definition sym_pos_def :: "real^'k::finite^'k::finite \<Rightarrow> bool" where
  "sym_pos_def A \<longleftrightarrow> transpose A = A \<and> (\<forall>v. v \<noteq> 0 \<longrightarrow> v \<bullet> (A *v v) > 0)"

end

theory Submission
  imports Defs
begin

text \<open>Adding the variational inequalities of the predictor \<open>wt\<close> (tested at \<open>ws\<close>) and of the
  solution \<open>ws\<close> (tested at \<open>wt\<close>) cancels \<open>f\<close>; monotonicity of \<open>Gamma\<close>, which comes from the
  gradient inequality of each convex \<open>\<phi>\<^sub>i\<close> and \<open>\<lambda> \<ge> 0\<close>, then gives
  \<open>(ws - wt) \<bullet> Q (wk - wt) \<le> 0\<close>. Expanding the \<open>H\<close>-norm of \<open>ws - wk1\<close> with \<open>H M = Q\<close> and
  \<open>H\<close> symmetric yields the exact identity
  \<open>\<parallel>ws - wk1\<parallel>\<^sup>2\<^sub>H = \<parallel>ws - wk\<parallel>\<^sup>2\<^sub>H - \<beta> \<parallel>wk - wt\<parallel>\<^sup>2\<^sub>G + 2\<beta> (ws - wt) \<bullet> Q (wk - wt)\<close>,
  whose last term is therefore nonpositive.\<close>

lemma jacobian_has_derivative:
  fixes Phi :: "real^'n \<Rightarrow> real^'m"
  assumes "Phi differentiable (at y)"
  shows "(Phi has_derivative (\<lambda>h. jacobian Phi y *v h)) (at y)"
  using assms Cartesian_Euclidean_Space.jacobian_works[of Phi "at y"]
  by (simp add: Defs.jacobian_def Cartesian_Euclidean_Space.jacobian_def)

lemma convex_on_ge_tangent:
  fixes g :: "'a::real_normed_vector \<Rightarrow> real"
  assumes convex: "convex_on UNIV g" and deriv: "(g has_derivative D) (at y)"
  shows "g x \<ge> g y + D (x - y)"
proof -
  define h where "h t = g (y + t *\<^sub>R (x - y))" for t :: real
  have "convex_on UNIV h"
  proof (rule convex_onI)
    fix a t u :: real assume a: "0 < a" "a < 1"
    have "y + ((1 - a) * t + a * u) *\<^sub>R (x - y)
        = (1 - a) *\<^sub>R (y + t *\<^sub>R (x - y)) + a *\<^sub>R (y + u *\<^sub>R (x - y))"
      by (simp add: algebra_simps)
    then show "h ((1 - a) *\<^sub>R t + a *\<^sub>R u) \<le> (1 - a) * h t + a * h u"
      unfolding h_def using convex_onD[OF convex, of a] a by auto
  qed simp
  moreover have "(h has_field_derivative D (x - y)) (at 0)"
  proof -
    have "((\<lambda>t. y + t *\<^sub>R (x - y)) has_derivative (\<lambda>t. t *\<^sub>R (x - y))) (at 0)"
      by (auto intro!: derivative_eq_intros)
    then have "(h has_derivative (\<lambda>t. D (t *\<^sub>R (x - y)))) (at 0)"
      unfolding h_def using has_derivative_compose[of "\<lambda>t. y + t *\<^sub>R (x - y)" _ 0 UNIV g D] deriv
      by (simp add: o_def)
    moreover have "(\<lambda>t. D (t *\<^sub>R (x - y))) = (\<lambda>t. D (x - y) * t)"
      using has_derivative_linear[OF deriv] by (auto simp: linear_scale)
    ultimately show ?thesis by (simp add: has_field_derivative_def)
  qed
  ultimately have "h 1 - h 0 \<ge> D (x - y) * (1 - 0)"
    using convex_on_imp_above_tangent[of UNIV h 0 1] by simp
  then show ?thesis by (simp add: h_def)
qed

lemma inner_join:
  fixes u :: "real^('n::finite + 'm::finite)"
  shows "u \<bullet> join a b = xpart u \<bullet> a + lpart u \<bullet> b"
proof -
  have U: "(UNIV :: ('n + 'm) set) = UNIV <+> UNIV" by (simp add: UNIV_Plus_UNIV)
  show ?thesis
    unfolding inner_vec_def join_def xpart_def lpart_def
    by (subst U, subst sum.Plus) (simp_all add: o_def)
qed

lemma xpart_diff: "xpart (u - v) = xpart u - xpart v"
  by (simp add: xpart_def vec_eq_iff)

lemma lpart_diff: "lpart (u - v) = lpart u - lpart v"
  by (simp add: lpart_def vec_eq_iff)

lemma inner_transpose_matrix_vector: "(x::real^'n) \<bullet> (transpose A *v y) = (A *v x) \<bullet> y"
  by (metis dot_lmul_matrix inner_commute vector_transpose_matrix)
____________________
-- THE PROBLEM --
Copy out all lines of the material above in which "moreover" occurs.

-- EXERCISE RESPONSE --
  moreover have "(h has_field_derivative D (x - y)) (at 0)"
    moreover have "(\<lambda>t. D (t *\<^sub>R (x - y))) = (\<lambda>t. D (x - y) * t)"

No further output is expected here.